First Things has a quick synopsis of the issue, then we will delve into National Review Online’s follow-up:
U.N. experts in Geneva were at it again last week telling the Holy See that Catholic teaching on abortion is a human rights abuse, revealing a chasm between the Church’s understanding of its mission and how U.N. officials perceive it. The episode is reminiscent of a time in history when secular leaders did not accept a separation of Church and State.
The American on the U.N. Committee Against Torture, Felice Gaer, told the Holy See that the Church’s position on abortion was a “concern” and that “women should have a right to choose.” Prohibitions on abortion are a form of torture according to Gaer—who ironically spent a decade on the U.S. Commission on International Religious Freedom.

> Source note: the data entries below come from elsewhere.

text \<open>The function F on Gamma\G x D, via any representative (well defined).\<close>
definition Fq :: "(real ^ 'n::finite) set \<Rightarrow> ('n mat1 set) \<times> (real ^ 'n) \<Rightarrow> ereal" where
  "Fq D p = Ffun D (SOME M. M \<in> fst p) (snd p)"

definition continuous_at_pt :: "'a topology \<Rightarrow> ('a \<Rightarrow> ereal) \<Rightarrow> 'a \<Rightarrow> bool" where
  "continuous_at_pt X f p \<longleftrightarrow>
     (\<forall>V. open V \<and> f p \<in> V \<longrightarrow> (\<exists>U. openin X U \<and> p \<in> U \<and> (\<forall>q\<in>U. f q \<in> V)))"

end

theory Submission
  imports Defs
begin

(* Part (i): for each (M, t), Dirichlet's simultaneous approximation theorem yields a lattice
   vector of M of positive height whose horizontal part is so short that x + t lies in the
   interior of D.  This persists for all (M', t') near (M, t), so F is locally bounded, and
   compactness of C gives the uniform bound kappa.

   Part (ii): since D is bounded, for (M', t') near (M, t) every lattice vector of height at most
   kappa over D - t' comes from one finite set of integer vectors.  No nonzero lattice point of M
   lies on the boundary of (D - t) x [0, kappa], so under a small perturbation each of these
   finitely many points either stays inside the box, where its height is at least about F(M, t),
   or stays outside it; the minimising point itself stays inside.  Hence F(M', t') is close to
   F(M, t). *)

lemma compactin_uniform_bound:
  fixes f :: "'a \<Rightarrow> ereal"
  assumes "compactin X C"
    and "\<And>p. p \<in> C \<Longrightarrow> \<exists>U k. openin X U \<and> p \<in> U \<and> (\<forall>q\<in>U. f q < ereal k)"
  shows "\<exists>\<kappa>>0. \<forall>p\<in>C. f p < ereal \<kappa>"
proof -
  obtain U k where Uk: "\<And>p. p \<in> C \<Longrightarrow> openin X (U p) \<and> p \<in> U p \<and> (\<forall>q\<in>U p. f q < ereal (k p))"
    using assms(2) by metis
  then obtain \<V> where "finite \<V>" "\<V> \<subseteq> U ` C" "C \<subseteq> \<Union>\<V>"
    using assms(1) unfolding compactin_def by (metis (no_types, lifting) UN_I imageE subsetI)
  then obtain P where P: "finite P" "P \<subseteq> C" "C \<subseteq> (\<Union>p\<in>P. U p)"
    by (metis finite_subset_image)
  define \<kappa> where "\<kappa> = Max (insert 1 (k ` P))"
  show ?thesis
  proof (intro exI conjI ballI)
    have "1 \<le> \<kappa>" unfolding \<kappa>_def using P(1) by (intro Max_ge) auto
    then show "\<kappa> > 0" by simp
    fix p assume "p \<in> C"
    then obtain p' where p': "p' \<in> P" "p \<in> U p'" using P(3) by blast
    then have "f p < ereal (k p')" using Uk P(2) by blast
    also have "k p' \<le> \<kappa>" using P(1) p'(1) by (simp add: \<kappa>_def)
    finally show "f p < ereal \<kappa>" by simp
  qed
qed

subsection \<open>The group \<open>\<Gamma>\<close> and its cosets\<close>

lemma Ints_det:
  fixes A :: "'a::comm_ring_1^'m::finite^'m"
  assumes "\<And>i j. A$i$j \<in> \<int>"
  shows "det A \<in> \<int>"
  unfolding det_def by (intro Ints_sum Ints_mult Ints_prod) (auto simp: assms)

lemma mat_1_in_SLZ: "(mat 1 :: 'n::finite mat1) \<in> SLZ"
  by (simp add: SLZ_def) (simp add: mat_def)

lemma SLZ_mult: "g \<in> SLZ \<Longrightarrow> h \<in> SLZ \<Longrightarrow> g ** h \<in> SLZ"
  unfolding SLZ_def
  by (auto simp: det_mul) (auto simp: matrix_matrix_mult_def intro!: Ints_sum Ints_mult)

lemma SLZ_inverse:
  fixes g :: "'n::finite mat1"
  assumes "g \<in> SLZ"
  obtains h where "h \<in> SLZ" "h ** g = mat 1" "g ** h = mat 1"
proof -
  have d: "det g = 1" and g_int: "\<And>i j. g$i$j \<in> \<int>" using assms by (auto simp: SLZ_def)
  then obtain B where B: "g ** B = mat 1" "B ** g = mat 1"
    using invertible_det_nz[of g] unfolding invertible_def by auto
  have "B$k$j \<in> \<int>" for k j
  proof -
    define x where "x = (\<chi> k. B$k$j)"
    define b where "b = (\<chi> i. (mat 1 :: 'n mat1)$i$j)"
    have "g *v x = b" unfolding vec_eq_iff
    proof
      fix i
      have "(g *v x)$i = (g ** B)$i$j"
        by (simp add: x_def matrix_vector_mult_def matrix_matrix_mult_def)
      then show "(g *v x)$i = b$i" using B(1) by (simp add: b_def)
    qed
    then have "B$k$j = det (\<chi> i l. if l = k then b$i else g$i$l)"
      using cramer[of g x b] d by (simp add: x_def vec_eq_iff)
    also have "\<dots> \<in> \<int>"
      by (rule Ints_det) (auto simp: g_int b_def mat_def)
    finally show ?thesis .
  qed
  moreover have "det B = 1"
    using B d det_mul[of g B] by simp
  ultimately have "B \<in> SLZ" by (auto simp: SLZ_def)
  with B show ?thesis using that by blast
qed

lemma int_vecs_vector_matrix_mult: "v \<in> int_vecs \<Longrightarrow> g \<in> SLZ \<Longrightarrow> v v* g \<in> int_vecs"
  by (auto simp: int_vecs_def SLZ_def vector_matrix_mult_def intro!: Ints_sum Ints_mult)

lemma lattice_SLZ_mult:
  assumes "g \<in> SLZ"
  shows "lattice (g ** M) = lattice M"
proof -
  obtain h where h: "h \<in> SLZ" "h ** g = mat 1" using SLZ_inverse assms by blast
  show ?thesis unfolding lattice_def
  proof (intro set_eqI iffI)
    fix z assume "z \<in> {split_vec (v v* (g ** M)) |v. v \<in> int_vecs}"
    then obtain v where "v \<in> int_vecs" "z = split_vec (v v* (g ** M))" by auto
    then show "z \<in> {split_vec (v v* M) |v. v \<in> int_vecs}"
      using int_vecs_vector_matrix_mult[OF _ assms] by (auto simp flip: vector_matrix_mul_assoc)
  next
    fix z assume "z \<in> {split_vec (v v* M) |v. v \<in> int_vecs}"
    then obtain v where v: "v \<in> int_vecs" "z = split_vec (v v* M)" by auto
    have "v v* M = (v v* h) v* (g ** M)"
      by (simp add: vector_matrix_mul_assoc matrix_mul_assoc h)
    then show "z \<in> {split_vec (v v* (g ** M)) |v. v \<in> int_vecs}"
      using int_vecs_vector_matrix_mult[OF v(1) h(1)] v by auto
  qed
qed
lemma bipartite_iff_proper_colouring:
  assumes "wf_graph H"
  shows "bipartite H \<longleftrightarrow> (\<exists>A. proper_colouring H A)"
proof
  assume "bipartite H"
  then obtain A where A: "\<forall>e\<in>edges H. card (e \<inter> A) = 1"
    unfolding bipartite_def by blast
  have "(a \<in> A) \<noteq> (b \<in> A)" if "{a, b} \<in> edges H" for a b
    using A that edge_endpoints(3)[OF assms that]
    by (cases "a \<in> A"; cases "b \<in> A") auto
  then show "\<exists>A. proper_colouring H A"
    unfolding proper_colouring_def by blast
next
  assume "\<exists>A. proper_colouring H A"
  then obtain A where A: "proper_colouring H A" ..
  have "card (e \<inter> (A \<inter> verts H)) = 1" if "e \<in> edges H" for e
  proof -
    have "card e = 2" using assms that unfolding wf_graph_def by blast
    then obtain a b where e: "e = {a, b}" by (auto simp: card_2_iff)
    have ab: "a \<in> verts H" "b \<in> verts H" "(a \<in> A) \<noteq> (b \<in> A)"
      using edge_endpoints[OF assms] proper_colouringD[OF A] that unfolding e by blast+
    then have "e \<inter> (A \<inter> verts H) = (if a \<in> A then {a} else {b})"
      unfolding e by auto
    then show ?thesis by simp
  qed
  then show "bipartite H"
    unfolding bipartite_def by (intro exI[of _ "A \<inter> verts H"]) auto
qed

lemma bipartite_del_verts_iff:
  "wf_graph H \<Longrightarrow> bipartite (del_verts H S) \<longleftrightarrow> (\<exists>A. proper_colouring (del_verts H S) A)"
  by (rule bipartite_iff_proper_colouring[OF wf_graph_del_verts])

lemma proper_colouring_merge:
  assumes "\<And>a b. {a, b} \<in> edges H \<Longrightarrow> a \<in> P \<longleftrightarrow> b \<in> P"
    and "proper_colouring (del_verts H (S1 \<union> - P)) A1"
    and "proper_colouring (del_verts H (S2 \<union> P)) A2"
  shows "proper_colouring (del_verts H ((S1 \<inter> P) \<union> (S2 - P))) ((A1 \<inter> P) \<union> (A2 - P))"
  unfolding proper_colouring_def
proof (intro allI impI)
  fix a b assume ab: "{a, b} \<in> edges (del_verts H ((S1 \<inter> P) \<union> (S2 - P)))"
  then have e: "{a, b} \<in> edges H" "a \<in> P \<longleftrightarrow> b \<in> P" using assms(1) by auto
  show "(a \<in> A1 \<inter> P \<union> (A2 - P)) \<noteq> (b \<in> A1 \<inter> P \<union> (A2 - P))"
  proof (cases "a \<in> P")
    case True
    with ab e have "{a, b} \<in> edges (del_verts H (S1 \<union> - P))" by auto
    with True e show ?thesis using proper_colouringD[OF assms(2)] by blast
  next
    case False
    with ab e have "{a, b} \<in> edges (del_verts H (S2 \<union> P))" by auto
    with False e show ?thesis using proper_colouringD[OF assms(3)] by blast
  qed
qed

lemma oct_le:
  assumes "finite S" "S \<subseteq> verts H" "bipartite (del_verts H S)"
  shows "oct H \<le> card S"
  unfolding oct_def by (rule Least_le) (use assms in blast)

An expert from the country of Georgia tried to be nuanced, and accused the Catholic Church of having “publically shamed” women and doctors who commit abortions through excommunication, thereby torturing them….

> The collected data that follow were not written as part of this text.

lemma mat_vector: "mat c *v x = c *s (x :: 'a::comm_semiring_1^_)"
  using mat_mult_vector[of c "mat 1" x] by simp

lemma matrix_vector_mult_smult: "M *v (c *s x) = c *s (M *v (x :: 'a::comm_semiring_1^_))"
  by (simp add: vec_eq_iff matrix_vector_mult_def sum_distrib_left mult.left_commute)

lemma vector_smult_commute: "a *s (b *s x) = b *s (a *s (x :: 'a::comm_semiring_1^_))"
  by (simp add: mult.commute)

lemma norm_vector_smult: "norm (c *s x) = norm c * norm (x :: 'a::real_normed_field^_)"
  by (simp add: norm_vec_def norm_mult L2_set_right_distrib)

lemma det_eq_0_iff_ker: "det (M :: 'a::field^'n^'n) = 0 \<longleftrightarrow> (\<exists>x. x \<noteq> 0 \<and> M *v x = 0)"
  by (metis invertible_det_nz invertible_left_inverse matrix_left_invertible_ker)

lemma matrix_inv_cancel:
  assumes "invertible M"
  shows "M ** matrix_inv M = mat 1" "matrix_inv M ** M = mat 1"
  using someI_ex[OF assms[unfolded invertible_def]] by (simp_all add: matrix_inv_def)

lemma matrix_vector_eq_iff_matrix_inv:
  assumes "invertible M"
  shows "M *v y = r \<longleftrightarrow> y = matrix_inv M *v r"
proof
  assume "M *v y = r"
  then have "matrix_inv M *v (M *v y) = matrix_inv M *v r"
    by simp
  then show "y = matrix_inv M *v r"
    by (simp add: matrix_vector_mul_assoc matrix_inv_cancel[OF assms])
qed (simp add: matrix_vector_mul_assoc matrix_inv_cancel[OF assms])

Now for NRO’s excellent warning:
Kathryn has been covering the ongoing effort by radical pro-abortion NGOs to apply the U.N. Convention against Torture to the Catholic Church for — among other things — its international pro-life advocacy. The argument is so facially irrational that one would be tempted to dismiss it out of hand. Not even the U.N. could be so blindly malicious and ideological that it would attempt to destroy the church’s rights of free speech and religious liberty for the sake of protecting abortion-on-demand, could it?
Moreover, even if the U.N. Committee against Torture moved against the Vatican, such an action would be irrelevant to American courts and American constitutional law, wouldn’t it?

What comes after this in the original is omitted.